The hospitality may have been uniformly warm, but the desert scenery proved ever-changing. The broken yet spirit-level flat chunks of escarpment near the Gouremajar Mountains; ruined desert forts; 4000-year-old rock paintings near Agrour depicting grassy plains once awash with game; and mammoth dunes near Zarga where the dunes resonate musically to nehana, the hot late afternoon winds.

Yet, a week camping amid those dunes has its price. Sand invades just about every bodily crevice known to mankind. Terjit Oasis therefore provides a magical relief. The baking heat was here nullified by a film-set oasis of shady date-palms. Gentle birdsong and trickling water replaced the piercing screeches of black kites and vultures circling for easy pickings. I bathed in the refreshing water and we ate seasoned camel meat served with couscous. Sometimes tough like leather or slithery like liver, camel is revolting. But custom dictates it’s rude to say no, so you must simply grin and bears it.

That evening we strolled to another nomad camp for yet more tea.
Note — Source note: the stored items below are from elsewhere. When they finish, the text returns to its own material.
lemma Zp_exists_quotient_unit:
  assumes "prime p" "\<not> int p dvd u" "x \<in> Zp p"
  shows "\<exists>y\<in>Zp p. pscal p u y = x"
proof -
  have unit: "coprime u (int p ^ k)" for k
    by (rule prime_not_dvd_imp_coprime_power[OF assms(1,2)])
  obtain w where w: "\<And>k. [u * w k = 1] (mod int p ^ k)"
    using cong_solve_coprime_int[OF unit] by metis
  define y where "y k = (x k * w k) mod int p ^ k" for k
  have uy: "[u * y k = x k] (mod int p ^ k)" for k
  proof -
    have "[u * y k = x k * (u * w k)] (mod int p ^ k)"
      by (simp add: y_def cong_def mod_mult_right_eq ac_simps)
    also have "[x k * (u * w k) = x k * 1] (mod int p ^ k)"
      using w by (rule cong_scalar_left)
    finally show ?thesis by simp
  qed
  then have "pscal p u y = x"
    using Zp_digit_mod[OF assms(3)] by (simp add: pscal_def cong_def fun_eq_iff)
  have p_pos: "0 < p" using prime_gt_0_nat[OF assms(1)] .
  have "y (Suc k) mod int p ^ k = y k" for k
  proof (rule cong_less_imp_eq_int)
    have "[u * (y (Suc k) mod int p ^ k) = u * y (Suc k)] (mod int p ^ k)"
      by (simp add: cong_def mod_mult_right_eq)
    also have "[u * y (Suc k) = x (Suc k)] (mod int p ^ k)"
      using uy[of "Suc k"] by (rule cong_dvd_mono_modulus) (simp add: le_imp_power_dvd)
    also have "[x (Suc k) = x k] (mod int p ^ k)"
      using Zp_digit_cong[OF assms(3)] by simp
    also have "[x k = u * y k] (mod int p ^ k)"
      using uy by (rule cong_sym)
    finally show "[y (Suc k) mod int p ^ k = y k] (mod int p ^ k)"
      using cong_mult_lcancel[OF unit] by blast
  qed (use p_pos in \<open>simp_all add: y_def\<close>)
  then have "y \<in> Zp p"
    using p_pos by (simp add: Zp_def y_def)
  with \<open>pscal p u y = x\<close> show ?thesis by blast
qed

lemma Zp_exists_quotient:
  assumes "prime p" "n \<noteq> 0" "x \<in> Zp p" "\<And>k. int p ^ multiplicity (int p) n dvd x k"
  shows "\<exists>y\<in>Zp p. pscal p n y = pscal p m x"
proof -
  have p_pos: "0 < p" using prime_gt_0_nat[OF assms(1)] .
  obtain n' where n: "n = int p ^ multiplicity (int p) n * n'" "\<not> int p dvd n'"
    using multiplicity_decompose_prime_int[OF assms(1,2)] by blast
  obtain z where z: "z \<in> Zp p" "pscal p (int p ^ multiplicity (int p) n) z = x"
    using Zp_exists_quotient_prime_power[OF p_pos assms(3,4)] by blast
  obtain y where y: "y \<in> Zp p" "pscal p n' y = pscal p m z"
    using Zp_exists_quotient_unit[OF assms(1) n(2) pscal_in_Zp[OF p_pos z(1)]] by blast
  have "pscal p n y = pscal p (int p ^ multiplicity (int p) n) (pscal p n' y)"
    by (subst n(1)) (simp add: pscal_pscal)
  also have "\<dots> = pscal p m x"
    by (simp add: y(2) pscal_pscal flip: z(2)) (simp add: mult.commute)
  finally show ?thesis using y(1) by blast
qed

lemma Zp_quotient_digit_eq:
  assumes "prime p" "y \<in> Zp p" "z \<in> Zp p" "c \<in> Zp p" "\<not> int p dvd u"
    and "pscal p (int p ^ v * u) y = pscal p m (pscal p (int p ^ v) z)"
    and "[m * z L = u * c L] (mod int p ^ L)"
  shows "y L = c L"
proof -
  have "pscal p (int p ^ v * u) y = pscal p (int p ^ v * m) z"
    using assms(6) by (simp add: pscal_pscal mult.commute)
  moreover have "int p ^ v \<noteq> 0" using prime_gt_0_nat[OF assms(1)] by simp
  ultimately have "pscal p u y = pscal p m z"
    by (rule Zp_pscal_cancel[OF assms(1-3), rotated])
  then have "[u * y L = m * z L] (mod int p ^ L)"
    by (simp add: pscal_eq_iff)
  also note assms(7)
  finally have "[y L = c L] (mod int p ^ L)"
    using cong_mult_lcancel[OF prime_not_dvd_imp_coprime_power[OF assms(1,5)]] by simp
  then show ?thesis using Zp_digit_eqI assms(2,4) by blast
qed

section \<open>Zero divisors and the rational orbit in Zhat\<close>

lemma mem_Primes_iff [simp]: "p \<in> Primes \<longleftrightarrow> prime p"
  by (simp add: Primes_def)

lemma Zhat_component: "b \<in> Zhat \<Longrightarrow> p \<in> Primes \<Longrightarrow> b p \<in> Zp p"
  by (simp add: Zhat_def PiE_iff)

lemma zscal_eq_iff:
  "zscal s b = zscal t a \<longleftrightarrow> (\<forall>p\<in>Primes. pscal p s (b p) = pscal p t (a p))"
  by (auto simp: zscal_def fun_eq_iff restrict_def)

lemma Zhat_exists_quotient:
  assumes "a \<in> Zhat" "n \<noteq> 0" "\<And>p k. p \<in> Primes \<Longrightarrow> int p ^ multiplicity (int p) n dvd a p k"
  shows "\<exists>b\<in>Zhat. zscal n b = zscal m a"
proof -
  have "\<exists>y\<in>Zp p. pscal p n y = pscal p m (a p)" if p: "p \<in> Primes" for p
    using Zp_exists_quotient[OF _ assms(2) Zhat_component[OF assms(1) p] assms(3)[OF p], of m] p
    by simp
  then obtain y where y: "\<And>p. p \<in> Primes \<Longrightarrow> y p \<in> Zp p \<and> pscal p n (y p) = pscal p m (a p)"
    by metis
  then have "restrict y Primes \<in> Zhat" "zscal n (restrict y Primes) = zscal m a"
    by (simp_all add: Zhat_def zscal_eq_iff)
  then show ?thesis by blast
qed

lemma Zhat_nonzero_component:
  assumes "b \<in> Zhat" "b \<noteq> zzero"
  shows "\<exists>q\<in>Primes. b q \<noteq> pzero"
proof (rule ccontr)
  assume "\<not> (\<exists>q\<in>Primes. b q \<noteq> pzero)"
  then have "restrict b Primes = zzero" unfolding zzero_def by (intro restrict_ext) blast
  moreover have "restrict b Primes = b" using assms(1) by (simp add: Zhat_def PiE_def extensional_restrict)
  ultimately show False using assms(2) by simp
qed

definition zone :: "nat \<Rightarrow> nat \<Rightarrow> int" where
  "zone = (\<lambda>q\<in>Primes. \<lambda>k. 1 mod int q ^ k)"

lemma zone_in_Zhat: "zone \<in> Zhat"
  by (simp add: zone_def Zhat_def const_mod_in_Zp prime_gt_0_nat)

lemma zone_digit_one: "p \<in> Primes \<Longrightarrow> zone p 1 = 1"
  using prime_gt_1_nat[of p] by (simp add: zone_def)

lemma not_zero_divisor_Zhat_iff:
  assumes "a \<in> Zhat"
  shows "\<not> zero_divisor_Zhat a \<longleftrightarrow> (\<forall>p\<in>Primes. a p \<noteq> pzero)"
proof
  assume no_zd: "\<not> zero_divisor_Zhat a"
  show "\<forall>p\<in>Primes. a p \<noteq> pzero"
  proof (intro ballI notI)
    fix p assume p: "p \<in> Primes" and "a p = pzero"
    define b where "b = (\<lambda>q\<in>Primes. if q = p then zone q else pzero)"
    have "b \<in> Zhat"
      using zone_in_Zhat by (auto simp: b_def Zhat_def pzero_in_Zp prime_gt_0_nat)
    moreover have "b \<noteq> zzero"
    proof
      assume "b = zzero"
      then have "b p 1 = zzero p 1" by simp
      then show False using p zone_digit_one by (simp add: b_def zzero_def pzero_def)
    qed
    moreover have "zmult a b = zzero"
      unfolding zmult_def zzero_def
      by (rule restrict_ext) (simp add: b_def pmult_def pzero_def \<open>a p = pzero\<close> fun_eq_iff)
    ultimately show False using no_zd by (auto simp: zero_divisor_Zhat_def)
  qed
next
  assume nonzero: "\<forall>p\<in>Primes. a p \<noteq> pzero"
  show "\<not> zero_divisor_Zhat a"
  proof
    assume "zero_divisor_Zhat a"
    then obtain b where b: "b \<in> Zhat" "b \<noteq> zzero" "zmult a b = zzero"
      by (auto simp: zero_divisor_Zhat_def)
    then obtain q where q: "q \<in> Primes" "b q \<noteq> pzero"
      using Zhat_nonzero_component by blast
    have "pmult q (a q) (b q) = pzero"
      using fun_cong[OF b(3), of q] q(1) by (simp add: zmult_def zzero_def)
    then show False
      using Zp_no_zero_divisors Zhat_component assms b(1) q nonzero by (metis mem_Primes_iff)
  qed
qed

lemma Qpos_orbit_cap_Zhat_eq:
  assumes "a \<in> Zhat"
  shows "Qpos_orbit_cap_Zhat a = {b \<in> Zhat. \<exists>m n. 0 < m \<and> 0 < n \<and> zscal n b = zscal m a}"
proof (intro equalityI subsetI)
  fix b assume "b \<in> Qpos_orbit_cap_Zhat a"
  then obtain r where r: "b \<in> Zhat" "0 < r" "zscal (snd (quotient_of r)) b = zscal (fst (quotient_of r)) a"
    by (auto simp: Qpos_orbit_cap_Zhat_def)
  obtain m n where mn: "quotient_of r = (m, n)" by (cases "quotient_of r")
  have "0 < n" using quotient_of_denom_pos[OF mn] .
  moreover have "0 < m"
    using r(2) quotient_of_div[OF mn] \<open>0 < n\<close> by (simp add: zero_less_divide_iff)
  ultimately show "b \<in> {b \<in> Zhat. \<exists>m n. 0 < m \<and> 0 < n \<and> zscal n b = zscal m a}"
    using r mn by auto
next
  fix b assume "b \<in> {b \<in> Zhat. \<exists>m n. 0 < m \<and> 0 < n \<and> zscal n b = zscal m a}"
  then obtain m n where b: "b \<in> Zhat" "0 < m" "0 < n" "zscal n b = zscal m a" by blast
  define r :: rat where "r = of_int m / of_int n"
  obtain m' n' where mn': "quotient_of r = (m', n')" by (cases "quotient_of r")
  have "of_int m / of_int n = (of_int m' / of_int n' :: rat)"
    using quotient_of_div[OF mn'] by (simp add: r_def)
  then have cross: "m * n' = m' * n"
    using b(3) quotient_of_denom_pos[OF mn'] by (simp add: frac_eq_eq flip: of_int_mult)
  have "zscal n' b = zscal m' a"
    unfolding zscal_eq_iff
  proof
    fix p assume p: "p \<in> Primes"
    have "pscal p (n * n') (b p) = pscal p n' (pscal p n (b p))"
      by (simp add: pscal_pscal mult.commute)
    also have "\<dots> = pscal p (n * m') (a p)"
      using b(4) p cross by (simp add: zscal_eq_iff pscal_pscal mult.commute)
    finally show "pscal p n' (b p) = pscal p m' (a p)"
      using Zp_pscal_cancel[of p "b p" "a p" n n' m'] b(1,3) assms p Zhat_component by simp
  qed
  moreover have "0 < r" using b(2,3) by (simp add: r_def)
  ultimately show "b \<in> Qpos_orbit_cap_Zhat a"
    using b(1) mn' by (auto simp: Qpos_orbit_cap_Zhat_def)
qed

lemma Qpos_orbit_cap_Zhat_component_pzero:
  assumes "a \<in> Zhat" "p \<in> Primes" "a p = pzero" "b \<in> Qpos_orbit_cap_Zhat a"
  shows "b p = pzero"
proof -
  obtain m n where b: "b \<in> Zhat" "0 < n" "zscal n b = zscal m a"
    using assms(4) by (auto simp: Qpos_orbit_cap_Zhat_eq[OF assms(1)])
  have "pscal p (n * 1) (b p) = pscal p (n * 0) (b p)"
    using b(3) assms(2,3) by (simp add: zscal_eq_iff pscal_def pzero_def)
  moreover have "b p \<in> Zp p" using Zhat_component[OF b(1) assms(2)] .
  ultimately have "pscal p 1 (b p) = pscal p 0 (b p)"
    using Zp_pscal_cancel[of p "b p" "b p" n 1 0] b(2) assms(2) by simp
  then show ?thesis
    using pscal_one[OF Zhat_component[OF b(1) assms(2)]] by (simp add: pscal_def pzero_def)
qed

section \<open>Cylinder neighbourhoods in Zhat\<close>

lemma topspace_Zp_top [simp]: "topspace (Zp_top p) = Zp p"
  by (simp add: Zp_top_def)

lemma topspace_Zhat_top [simp]: "topspace Zhat_top = Zhat"
  by (simp add: Zhat_top_def Zhat_def)

lemma openin_Zhat_digit:
  assumes "p \<in> Primes"
  shows "openin Zhat_top {b \<in> Zhat. b p k = t}"
proof -
  have "continuous_map Zhat_top (Zp_top p) (\<lambda>b. b p)"
    unfolding Zhat_top_def using assms by (rule continuous_map_product_projection)
  moreover have "continuous_map (Zp_top p) (discrete_topology UNIV) (\<lambda>x. x k)"
    unfolding Zp_top_def
    by (rule continuous_map_from_subtopology, rule continuous_map_product_projection) simp
  ultimately have "continuous_map Zhat_top (discrete_topology UNIV) (\<lambda>b. b p k)"
    using continuous_map_compose by (fastforce simp: o_def)
  then show ?thesis
    using openin_continuous_map_preimage[of Zhat_top _ _ "{t}"] by simp
qed

lemma openin_Zhat_cylinder:
  assumes "finite F" "F \<subseteq> Primes"
  shows "openin Zhat_top {b \<in> Zhat. \<forall>p\<in>F. b p K = c p K}"
proof -
  have "openin Zhat_top ((\<Inter>p\<in>F. {b \<in> Zhat. b p K = c p K}) \<inter> topspace Zhat_top)"
  proof (rule openin_INT[OF assms(1)])
    show "openin Zhat_top {b \<in> Zhat. b p K = c p K}" if "p \<in> F" for p
      using that assms(2) by (intro openin_Zhat_digit) blast
  qed
  also have "(\<Inter>p\<in>F. {b \<in> Zhat. b p K = c p K}) \<inter> topspace Zhat_top
      = {b \<in> Zhat. \<forall>p\<in>F. b p K = c p K}"
    by auto
  finally show ?thesis .
qed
Totally impromptu, a few other herders descended upon the camp from out of the bush and music ensued. Several men belted out a metronomic drum beat on plastic water-containers, while the family’s three daughters with kohl-etched eyes sang intoxicating songs about Saharan life – they were sounds so sweet that if I wasn’t high on caffeine, it would have lulled me to sleep.

Getting there and around

Royal Air Morocco (020-7439 4361; www.royalairmaroc.com) fly via Casablanca to Mauritania from the UK. Overland travellers can pick up lifts from Dakhla in southern Morocco.

Regular buses run between the two major cities, Nouakchott and Nouadhibou. Iron ore train runs daily from latter to Choum (Atar) in the Sahara at 3pm and costs a few pounds. Once in the desert its possible to pick up infrequent yet crowded 4x4s (called ‘taxi-brousse’) between main tourist sites: Atar, Chinguetti, Ouadane, and Terjit. Allal Amatlich (+222 546-4718, sylviedesert@yahoo.fr) can arrange car and driver if you want to get off track.

November to March is the time to travel before temperatures skyrocket.